Decidí sobrevolarlos y espiar su juego encaramada a un árbol.

Lo siguiente que recuerdo fue que el borde de la terraza iba bajando a lo largo de mi cuerpo desde el esternón hacia el estómago, mientras caía hacia abajo, y la calle acercándose limpia, vacía e invitante. Alguien me cogió por los tobillos y el mundo se volvió al revés. Por un momento, me tambaleé en el aire como un péndulo, la pared de ladrillo raspándome la mejilla y mis manos dibujando círculos en el vacío.

Mi padre tuvo que saltar al otro lado de los barrotes y agarrarse con un brazo mientras me intentaba alzar con el otro. Desde dentro, gritando de pánico, mi madre y la “seño” – que fue quien me había descubierto a tiempo – sacaban los brazos, me agarraban las piernas y la cintura y me iban empujando hacia arriba.

Me rescataron magullada y asustada, y me cayó una bronca monumental. Durante varios días, lo único que recuerdo fue mi madre llorando, las vecinas mirándome sorprendidas y mudas y mi padre enfurruñado por la casa. En el colegio, la madre superiora me habló de “la responsabilidad de no hacer daño a los mayores”. Yo no entendía nada.

Les prometí a mis padres que nunca volvería a volar.

Pero no lo cumplí, y desde entonces sufro un vértigo patológico. Sí, de esos: taquicardias, sudor frío, pánico...

El centro del vértigo está en el deseo irrefrenable de saltar, y eso es lo que paraliza y provoca la sensación de terror.
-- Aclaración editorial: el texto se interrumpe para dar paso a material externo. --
(* Let $\mathfrak{g}$ be an SVN with sufficient storage under the Multi-Objective Framework, with parameters $\beta,\lambda,c\in(0,1)$. Then $\mathfrak{g}$ is bilaterally stable if and only if both of the following hold. 1. For every link $\langle ij\rangle\in\mathfrak{g}$: $\beta[\lambda^{\eta_i(\mathfrak{g})-1}-\lambda^{\eta_i(\mathfrak{g})}]<c$ implies $\beta[\lambda^{\eta_j(\mathfrak{g})-1}-\lambda^{\eta_j(\mathfrak{g})}]>c$. 2. For every pair of distinct agents $i,j$ with $\langle ij\rangle\notin\mathfrak{g}$: $\beta[\lambda^{\eta_i(\mathfrak{g})}-\lambda^{\eta_i(\mathfrak{g})+1}]>c$ implies $\beta[\lambda^{\eta_j(\mathfrak{g})}-\lambda^{\eta_j(\mathfrak{g})+1}]<c$.
   Context: A social storage network $\mathfrak{g}$ on a finite set $\mathbf{A}$ of agents is a simple undirected graph; $\eta_i(\mathfrak{g})$ is the number of neighbours of $i$. For non-adjacent $i,j$, $\mathfrak{g}+\langle ij\rangle$ denotes the network with the link $\langle ij\rangle$ added; for adjacent $i,j$, $\mathfrak{g}-\langle ij\rangle$ denotes the network with it removed. The network is an SVN under the Multi-Objective Framework when: - all agents have the same data worth $\beta$; - $\lambda$ is the disk failure rate and $c$ is the cost per link; - storage is sufficient: $s_i\ge\sum_{j\ne i}d_j$ for all $i$, where $s_i$ is agent $i$'s offered storage and $d_j$ is agent $j$'s data size; - utility is $u_i(\mathfrak{g})=\beta(1-\lambda^{\eta_i(\mathfrak{g})})-c\,\eta_i(\mathfrak{g})$. $\mathfrak{g}$ is bilaterally stable if both of the following hold. 1. For every link $\langle ij\rangle\in\mathfrak{g}$: if $u_i(\mathfrak{g}-\langle ij\rangle)>u_i(\mathfrak{g})$, then $u_j(\mathfrak{g}-\langle ij\rangle)<u_j(\mathfrak{g})$. 2. For every non-link $\langle ij\rangle\notin\mathfrak{g}$: if $u_i(\mathfrak{g}+\langle ij\rangle)>u_i(\mathfrak{g})$, then $u_j(\mathfrak{g}+\langle ij\rangle)<u_j(\mathfrak{g})$. In other words, both adding and deleting a link require mutual consent. *)

theory Defs
  imports Complex_Main
begin

definition network :: "'a set \<Rightarrow> ('a \<Rightarrow> 'a \<Rightarrow> bool) \<Rightarrow> bool" where
  "network A E \<longleftrightarrow> finite A \<and> (\<forall>x y. E x y \<longrightarrow> x \<in> A \<and> y \<in> A)
     \<and> (\<forall>x y. E x y \<longrightarrow> E y x) \<and> (\<forall>x. \<not> E x x)"

definition degree :: "'a set \<Rightarrow> ('a \<Rightarrow> 'a \<Rightarrow> bool) \<Rightarrow> 'a \<Rightarrow> nat" where
  "degree A E i = card {j \<in> A. E i j}"

definition add_link :: "('a \<Rightarrow> 'a \<Rightarrow> bool) \<Rightarrow> 'a \<Rightarrow> 'a \<Rightarrow> ('a \<Rightarrow> 'a \<Rightarrow> bool)" where
  "add_link E i j = (\<lambda>x y. E x y \<or> (x = i \<and> y = j) \<or> (x = j \<and> y = i))"

definition del_link :: "('a \<Rightarrow> 'a \<Rightarrow> bool) \<Rightarrow> 'a \<Rightarrow> 'a \<Rightarrow> ('a \<Rightarrow> 'a \<Rightarrow> bool)" where
  "del_link E i j = (\<lambda>x y. E x y \<and> \<not> (x = i \<and> y = j) \<and> \<not> (x = j \<and> y = i))"

definition utility :: "real \<Rightarrow> real \<Rightarrow> real \<Rightarrow> 'a set \<Rightarrow> ('a \<Rightarrow> 'a \<Rightarrow> bool) \<Rightarrow> 'a \<Rightarrow> real" where
  "utility \<beta> lam c A E i = \<beta> * (1 - lam ^ degree A E i) - c * real (degree A E i)"

definition sufficient_storage :: "'a set \<Rightarrow> ('a \<Rightarrow> real) \<Rightarrow> ('a \<Rightarrow> real) \<Rightarrow> bool" where
  "sufficient_storage A s d \<longleftrightarrow> (\<forall>i\<in>A. s i \<ge> (\<Sum>j\<in>A - {i}. d j))"

definition bilaterally_stable ::
  "real \<Rightarrow> real \<Rightarrow> real \<Rightarrow> 'a set \<Rightarrow> ('a \<Rightarrow> 'a \<Rightarrow> bool) \<Rightarrow> bool" where
  "bilaterally_stable \<beta> lam c A E \<longleftrightarrow>
     (\<forall>i\<in>A. \<forall>j\<in>A. E i j \<longrightarrow>
        (utility \<beta> lam c A (del_link E i j) i > utility \<beta> lam c A E i \<longrightarrow>
         utility \<beta> lam c A (del_link E i j) j < utility \<beta> lam c A E j)) \<and>
     (\<forall>i\<in>A. \<forall>j\<in>A. i \<noteq> j \<longrightarrow> \<not> E i j \<longrightarrow>
        (utility \<beta> lam c A (add_link E i j) i > utility \<beta> lam c A E i \<longrightarrow>
         utility \<beta> lam c A (add_link E i j) j < utility \<beta> lam c A E j))"

end

theory Submission
  imports Defs
begin

text \<open>Adding or deleting the link \<open>\<langle>ij\<rangle>\<close> changes the degree of each endpoint by exactly one,
  and the utility \<open>\<beta>(1 - \<lambda>^n) - c n\<close> depends on the network only through the degree \<open>n\<close>.
  Hence an endpoint gains from deleting (adding) the link exactly when the marginal benefit
  \<open>\<beta>(\<lambda>^(n-1) - \<lambda>^n)\<close> is below \<open>c\<close> (resp. \<open>\<beta>(\<lambda>^n - \<lambda>^(n+1))\<close> is above \<open>c\<close>), and
  bilateral stability turns into the stated conditions.\<close>

lemma del_link_commute: "del_link E j i = del_link E i j"
  unfolding del_link_def by (intro ext) blast

lemma add_link_commute: "add_link E j i = add_link E i j"
  unfolding add_link_def by (intro ext) blast

lemma network_sym: "network A E \<Longrightarrow> E i j \<Longrightarrow> E j i"
  unfolding network_def by blast

lemma degree_pos_if_link:
  assumes "network A E" "E i j"
  shows "0 < degree A E i"
proof -
  have "finite A" "j \<in> A" using assms unfolding network_def by blast+
  then have "j \<in> {k \<in> A. E i k}" "finite {k \<in> A. E i k}" using assms(2) by auto
  then show ?thesis unfolding degree_def by (simp add: card_gt_0_iff) blast
qed

lemma degree_del_link:
  assumes "network A E" "E i j"
  shows "degree A (del_link E i j) i = degree A E i - 1"
proof -
  have "finite A" "j \<in> A" using assms unfolding network_def by blast+
  moreover have "{k \<in> A. del_link E i j i k} = {k \<in> A. E i k} - {j}"
    using assms unfolding network_def del_link_def by auto
  ultimately show ?thesis unfolding degree_def using assms(2) by (simp add: card_Diff_singleton)
qed

lemma degree_add_link:
  assumes "network A E" "\<not> E i j" "j \<in> A" "i \<noteq> j"
  shows "degree A (add_link E i j) i = degree A E i + 1"
proof -
  have "finite A" using assms unfolding network_def by blast
  moreover have "{k \<in> A. add_link E i j i k} = insert j {k \<in> A. E i k}"
    using assms unfolding add_link_def by auto
  ultimately show ?thesis unfolding degree_def using assms(2) by simp
qed

lemma utility_del_link:
  assumes "network A E" "E i j"
  shows "utility \<beta> lam c A (del_link E i j) i > utility \<beta> lam c A E i
           \<longleftrightarrow> \<beta> * (lam ^ (degree A E i - 1) - lam ^ degree A E i) < c"
    and "utility \<beta> lam c A (del_link E i j) i < utility \<beta> lam c A E i
           \<longleftrightarrow> \<beta> * (lam ^ (degree A E i - 1) - lam ^ degree A E i) > c"
proof -
  obtain m where "degree A E i = Suc m"
    using degree_pos_if_link[OF assms] by (cases "degree A E i") auto
  then show "utility \<beta> lam c A (del_link E i j) i > utility \<beta> lam c A E i
           \<longleftrightarrow> \<beta> * (lam ^ (degree A E i - 1) - lam ^ degree A E i) < c"
    and "utility \<beta> lam c A (del_link E i j) i < utility \<beta> lam c A E i
           \<longleftrightarrow> \<beta> * (lam ^ (degree A E i - 1) - lam ^ degree A E i) > c"
    unfolding utility_def degree_del_link[OF assms] by (simp_all add: algebra_simps)
qed

lemma utility_add_link:
  assumes "network A E" "\<not> E i j" "j \<in> A" "i \<noteq> j"
  shows "utility \<beta> lam c A (add_link E i j) i > utility \<beta> lam c A E i
           \<longleftrightarrow> \<beta> * (lam ^ degree A E i - lam ^ (degree A E i + 1)) > c"
    and "utility \<beta> lam c A (add_link E i j) i < utility \<beta> lam c A E i
           \<longleftrightarrow> \<beta> * (lam ^ degree A E i - lam ^ (degree A E i + 1)) < c"
  unfolding utility_def degree_add_link[OF assms] by (simp_all add: algebra_simps)

theorem theorem1:
  fixes A :: "'a set" and E :: "'a \<Rightarrow> 'a \<Rightarrow> bool"
    and s d :: "'a \<Rightarrow> real" and \<beta> lam c :: real
  assumes "network A E"
    and "sufficient_storage A s d"
    and "0 < \<beta>" "\<beta> < 1" "0 < lam" "lam < 1" "0 < c" "c < 1"
  shows "bilaterally_stable \<beta> lam c A E \<longleftrightarrow>
    ((\<forall>i\<in>A. \<forall>j\<in>A. E i j \<longrightarrow>
        (\<beta> * (lam ^ (degree A E i - 1) - lam ^ degree A E i) < c \<longrightarrow>
         \<beta> * (lam ^ (degree A E j - 1) - lam ^ degree A E j) > c)) \<and>
     (\<forall>i\<in>A. \<forall>j\<in>A. i \<noteq> j \<longrightarrow> \<not> E i j \<longrightarrow>
        (\<beta> * (lam ^ degree A E i - lam ^ (degree A E i + 1)) > c \<longrightarrow>
         \<beta> * (lam ^ degree A E j - lam ^ (degree A E j + 1)) < c)))"
proof -
  note network = assms(1)
  have deletion: "utility \<beta> lam c A (del_link E i j) j < utility \<beta> lam c A E j
      \<longleftrightarrow> \<beta> * (lam ^ (degree A E j - 1) - lam ^ degree A E j) > c" if "E i j" for i j
    using utility_del_link(2)[OF network network_sym[OF network that]] by (simp add: del_link_commute)
  have addition: "utility \<beta> lam c A (add_link E i j) j < utility \<beta> lam c A E j
      \<longleftrightarrow> \<beta> * (lam ^ degree A E j - lam ^ (degree A E j + 1)) < c"
    if "\<not> E i j" "i \<in> A" "i \<noteq> j" for i j
  proof -
    have "\<not> E j i" using that(1) network_sym[OF network] by blast
    then show ?thesis
      using utility_add_link(2)[OF network, of j i] that(2,3) by (simp add: add_link_commute)
  qed
  show ?thesis
    unfolding bilaterally_stable_def
    using utility_del_link(1)[OF network] utility_add_link(1)[OF network] deletion addition
    by (auto simp del: One_nat_def)
qed

end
He intentado afrontarlo de muchas formas: me he subido a lo alto de enormes catedrales, montañas, torres desde donde se ven las nubes, rocas de varios kilómetros de altura... y he suavizado un poco el síndrome.

Pero lo que más me ha costado afrontar ha sido ese otro vértigo, paralelo e igual de intenso: el vértigo vital. He “subido” muchas veces donde no sabía si sería capaz, y a veces he caído en picado.

Ahora estoy comenzando a relatar la historia. No es autobiográfica, pero sí en gran parte, porque no se puede hablar de vértigo sin visualizar el propio abismo. Comencé hace poco tiempo y espero convertirlo en un libro. Este será el primer salto importante de mi vida, aunque tengo otras torres igual de altas que escalar.

¿Caer? A estas alturas, ya no creo que importe tanto.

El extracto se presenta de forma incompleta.